* **EXERCISE BRIEF**
Using the entries below, write out the line with "using \<open>u \<le> v\<close> by simp", the line with "then obtain \<delta>", and every line in between, exactly as each is written.

Data extracted from a collection
==*==
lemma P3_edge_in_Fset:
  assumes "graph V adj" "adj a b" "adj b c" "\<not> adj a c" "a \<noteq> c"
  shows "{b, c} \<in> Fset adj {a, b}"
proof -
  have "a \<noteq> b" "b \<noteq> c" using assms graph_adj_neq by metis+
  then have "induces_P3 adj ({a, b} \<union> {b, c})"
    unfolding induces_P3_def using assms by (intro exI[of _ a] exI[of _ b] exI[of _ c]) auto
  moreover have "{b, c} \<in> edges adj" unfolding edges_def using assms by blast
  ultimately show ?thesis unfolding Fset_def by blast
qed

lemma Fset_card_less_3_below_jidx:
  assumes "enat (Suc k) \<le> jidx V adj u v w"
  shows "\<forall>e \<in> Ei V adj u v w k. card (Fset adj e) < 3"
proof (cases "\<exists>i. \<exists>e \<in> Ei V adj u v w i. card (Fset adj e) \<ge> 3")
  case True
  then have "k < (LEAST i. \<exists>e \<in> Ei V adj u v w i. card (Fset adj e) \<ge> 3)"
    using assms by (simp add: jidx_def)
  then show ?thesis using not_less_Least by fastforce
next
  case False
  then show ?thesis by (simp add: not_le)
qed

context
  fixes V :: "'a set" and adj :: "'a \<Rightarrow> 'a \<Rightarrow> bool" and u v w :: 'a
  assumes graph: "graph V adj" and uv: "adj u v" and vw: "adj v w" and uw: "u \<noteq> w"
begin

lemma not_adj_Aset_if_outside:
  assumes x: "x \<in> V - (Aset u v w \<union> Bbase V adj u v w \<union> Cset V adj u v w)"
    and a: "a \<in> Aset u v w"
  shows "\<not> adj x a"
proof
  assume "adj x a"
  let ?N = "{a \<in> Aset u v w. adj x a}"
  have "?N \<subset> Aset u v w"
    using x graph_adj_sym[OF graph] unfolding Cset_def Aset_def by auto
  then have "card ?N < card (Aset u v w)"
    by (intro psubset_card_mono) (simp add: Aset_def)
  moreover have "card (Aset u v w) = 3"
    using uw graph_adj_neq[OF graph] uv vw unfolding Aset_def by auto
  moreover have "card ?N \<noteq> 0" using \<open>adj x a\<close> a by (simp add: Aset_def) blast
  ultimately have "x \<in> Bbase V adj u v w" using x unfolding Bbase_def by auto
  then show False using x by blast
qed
==*==
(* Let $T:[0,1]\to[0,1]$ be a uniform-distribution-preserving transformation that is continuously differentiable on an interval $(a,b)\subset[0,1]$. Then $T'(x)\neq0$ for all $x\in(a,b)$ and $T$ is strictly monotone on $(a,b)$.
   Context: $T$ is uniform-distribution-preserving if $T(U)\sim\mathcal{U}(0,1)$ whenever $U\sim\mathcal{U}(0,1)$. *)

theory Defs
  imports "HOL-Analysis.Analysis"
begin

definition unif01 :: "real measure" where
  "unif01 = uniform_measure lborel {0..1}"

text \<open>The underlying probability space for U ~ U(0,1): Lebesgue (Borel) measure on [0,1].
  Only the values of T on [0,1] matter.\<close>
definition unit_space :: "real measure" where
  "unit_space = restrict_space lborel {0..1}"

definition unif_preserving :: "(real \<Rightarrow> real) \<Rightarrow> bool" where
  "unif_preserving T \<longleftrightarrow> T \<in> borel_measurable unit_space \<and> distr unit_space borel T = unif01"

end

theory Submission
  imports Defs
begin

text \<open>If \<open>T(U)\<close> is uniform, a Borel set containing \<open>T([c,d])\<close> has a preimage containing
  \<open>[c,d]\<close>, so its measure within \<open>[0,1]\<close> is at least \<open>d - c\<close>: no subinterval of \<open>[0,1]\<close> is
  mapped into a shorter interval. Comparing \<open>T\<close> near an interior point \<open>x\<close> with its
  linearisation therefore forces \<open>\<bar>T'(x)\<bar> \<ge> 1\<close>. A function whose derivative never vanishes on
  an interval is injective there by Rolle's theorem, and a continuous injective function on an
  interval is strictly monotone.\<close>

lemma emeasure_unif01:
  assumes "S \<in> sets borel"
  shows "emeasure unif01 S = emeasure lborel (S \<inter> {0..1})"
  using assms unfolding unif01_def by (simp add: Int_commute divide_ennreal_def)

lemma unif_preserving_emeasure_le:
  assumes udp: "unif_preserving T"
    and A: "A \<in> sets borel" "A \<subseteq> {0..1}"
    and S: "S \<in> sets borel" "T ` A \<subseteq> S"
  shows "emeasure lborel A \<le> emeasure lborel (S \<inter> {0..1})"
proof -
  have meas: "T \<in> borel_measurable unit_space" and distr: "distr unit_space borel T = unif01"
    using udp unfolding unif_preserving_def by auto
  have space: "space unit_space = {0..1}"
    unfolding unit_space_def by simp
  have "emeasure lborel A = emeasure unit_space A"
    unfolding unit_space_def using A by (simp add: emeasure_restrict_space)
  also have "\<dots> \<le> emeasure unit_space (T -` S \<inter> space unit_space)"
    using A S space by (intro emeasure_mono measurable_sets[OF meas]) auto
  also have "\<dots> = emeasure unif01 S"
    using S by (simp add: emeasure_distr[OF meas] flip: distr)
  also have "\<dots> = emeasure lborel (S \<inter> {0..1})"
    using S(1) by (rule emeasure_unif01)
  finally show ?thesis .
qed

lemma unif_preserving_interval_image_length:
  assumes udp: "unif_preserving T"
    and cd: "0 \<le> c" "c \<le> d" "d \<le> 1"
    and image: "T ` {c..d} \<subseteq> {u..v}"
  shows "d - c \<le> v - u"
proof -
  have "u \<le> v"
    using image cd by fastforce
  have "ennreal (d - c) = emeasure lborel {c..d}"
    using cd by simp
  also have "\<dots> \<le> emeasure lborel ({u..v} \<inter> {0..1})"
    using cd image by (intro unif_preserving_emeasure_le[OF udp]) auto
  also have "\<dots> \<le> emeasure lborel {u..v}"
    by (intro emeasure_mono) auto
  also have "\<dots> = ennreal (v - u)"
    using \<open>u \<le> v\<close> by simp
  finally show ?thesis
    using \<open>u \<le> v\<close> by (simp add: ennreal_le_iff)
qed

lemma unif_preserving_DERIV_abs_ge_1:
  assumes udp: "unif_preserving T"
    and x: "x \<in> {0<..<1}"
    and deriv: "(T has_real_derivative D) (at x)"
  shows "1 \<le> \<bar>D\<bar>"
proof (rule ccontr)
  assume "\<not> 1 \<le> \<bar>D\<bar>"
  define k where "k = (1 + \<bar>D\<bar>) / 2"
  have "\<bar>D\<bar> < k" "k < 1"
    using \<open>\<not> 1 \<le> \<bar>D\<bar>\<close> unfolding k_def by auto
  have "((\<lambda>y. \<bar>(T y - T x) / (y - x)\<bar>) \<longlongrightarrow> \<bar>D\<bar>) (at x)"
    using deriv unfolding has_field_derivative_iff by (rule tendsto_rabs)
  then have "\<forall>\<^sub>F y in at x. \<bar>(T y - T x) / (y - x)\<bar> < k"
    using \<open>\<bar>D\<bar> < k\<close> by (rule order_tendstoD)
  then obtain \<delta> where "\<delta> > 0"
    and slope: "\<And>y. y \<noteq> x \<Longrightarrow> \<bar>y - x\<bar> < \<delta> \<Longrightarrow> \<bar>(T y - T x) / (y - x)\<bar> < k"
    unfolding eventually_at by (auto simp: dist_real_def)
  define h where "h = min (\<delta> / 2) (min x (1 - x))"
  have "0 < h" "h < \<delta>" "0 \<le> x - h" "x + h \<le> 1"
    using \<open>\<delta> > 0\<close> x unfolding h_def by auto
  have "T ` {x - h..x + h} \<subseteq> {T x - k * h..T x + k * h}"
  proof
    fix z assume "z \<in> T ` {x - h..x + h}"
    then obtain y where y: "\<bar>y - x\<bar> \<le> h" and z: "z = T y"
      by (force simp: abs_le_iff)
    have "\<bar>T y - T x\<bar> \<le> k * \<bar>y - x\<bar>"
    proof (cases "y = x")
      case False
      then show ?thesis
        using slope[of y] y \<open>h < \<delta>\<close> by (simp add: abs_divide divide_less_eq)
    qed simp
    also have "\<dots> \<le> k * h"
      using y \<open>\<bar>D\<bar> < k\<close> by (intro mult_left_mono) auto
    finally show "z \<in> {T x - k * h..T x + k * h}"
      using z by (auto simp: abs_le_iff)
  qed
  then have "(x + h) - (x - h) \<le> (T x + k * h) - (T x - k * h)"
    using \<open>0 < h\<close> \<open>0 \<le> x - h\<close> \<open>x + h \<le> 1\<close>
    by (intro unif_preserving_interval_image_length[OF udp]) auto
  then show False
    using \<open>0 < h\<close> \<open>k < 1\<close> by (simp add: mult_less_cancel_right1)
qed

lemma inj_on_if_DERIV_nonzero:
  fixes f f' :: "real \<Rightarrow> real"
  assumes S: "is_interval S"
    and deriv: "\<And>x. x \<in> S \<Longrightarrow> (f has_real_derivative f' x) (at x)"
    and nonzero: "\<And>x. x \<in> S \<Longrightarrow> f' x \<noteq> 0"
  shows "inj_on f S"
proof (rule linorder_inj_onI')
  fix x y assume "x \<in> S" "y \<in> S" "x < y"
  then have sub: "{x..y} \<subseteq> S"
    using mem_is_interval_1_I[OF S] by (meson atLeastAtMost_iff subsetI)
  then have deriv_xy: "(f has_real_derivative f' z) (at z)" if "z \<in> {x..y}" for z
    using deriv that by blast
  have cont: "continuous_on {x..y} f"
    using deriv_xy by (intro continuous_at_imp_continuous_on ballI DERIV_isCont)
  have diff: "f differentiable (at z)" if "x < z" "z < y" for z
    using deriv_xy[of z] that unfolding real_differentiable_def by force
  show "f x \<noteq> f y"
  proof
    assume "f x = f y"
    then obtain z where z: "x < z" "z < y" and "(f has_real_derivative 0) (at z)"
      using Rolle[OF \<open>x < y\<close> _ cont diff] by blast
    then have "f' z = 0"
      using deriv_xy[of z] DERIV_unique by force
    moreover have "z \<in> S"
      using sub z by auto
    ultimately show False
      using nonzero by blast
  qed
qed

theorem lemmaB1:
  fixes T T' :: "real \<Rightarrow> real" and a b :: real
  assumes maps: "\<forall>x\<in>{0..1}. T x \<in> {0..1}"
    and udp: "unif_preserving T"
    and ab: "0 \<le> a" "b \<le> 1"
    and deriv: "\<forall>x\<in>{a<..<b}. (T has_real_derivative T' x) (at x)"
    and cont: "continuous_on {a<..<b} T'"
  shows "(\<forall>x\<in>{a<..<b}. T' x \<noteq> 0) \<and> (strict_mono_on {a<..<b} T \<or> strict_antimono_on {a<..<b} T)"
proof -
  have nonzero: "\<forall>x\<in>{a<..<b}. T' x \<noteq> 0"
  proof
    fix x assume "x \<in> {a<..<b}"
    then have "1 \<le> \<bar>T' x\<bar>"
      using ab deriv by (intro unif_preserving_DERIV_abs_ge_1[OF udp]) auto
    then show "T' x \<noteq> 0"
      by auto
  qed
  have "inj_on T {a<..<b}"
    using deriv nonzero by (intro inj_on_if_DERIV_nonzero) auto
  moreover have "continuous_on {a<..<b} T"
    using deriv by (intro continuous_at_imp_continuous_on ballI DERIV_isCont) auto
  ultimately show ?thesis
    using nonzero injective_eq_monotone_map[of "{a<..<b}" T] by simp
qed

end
==*==
* **WRITTEN SOLUTION**
    using \<open>u \<le> v\<close> by simp
  finally show ?thesis
    using \<open>u \<le> v\<close> by (simp add: ennreal_le_iff)
qed

lemma unif_preserving_DERIV_abs_ge_1:
  assumes udp: "unif_preserving T"
    and x: "x \<in> {0<..<1}"
    and deriv: "(T has_real_derivative D) (at x)"
  shows "1 \<le> \<bar>D\<bar>"
proof (rule ccontr)
  assume "\<not> 1 \<le> \<bar>D\<bar>"
  define k where "k = (1 + \<bar>D\<bar>) / 2"
  have "\<bar>D\<bar> < k" "k < 1"
    using \<open>\<not> 1 \<le> \<bar>D\<bar>\<close> unfolding k_def by auto
  have "((\<lambda>y. \<bar>(T y - T x) / (y - x)\<bar>) \<longlongrightarrow> \<bar>D\<bar>) (at x)"
    using deriv unfolding has_field_derivative_iff by (rule tendsto_rabs)
  then have "\<forall>\<^sub>F y in at x. \<bar>(T y - T x) / (y - x)\<bar> < k"
    using \<open>\<bar>D\<bar> < k\<close> by (rule order_tendstoD)
  then obtain \<delta> where "\<delta> > 0"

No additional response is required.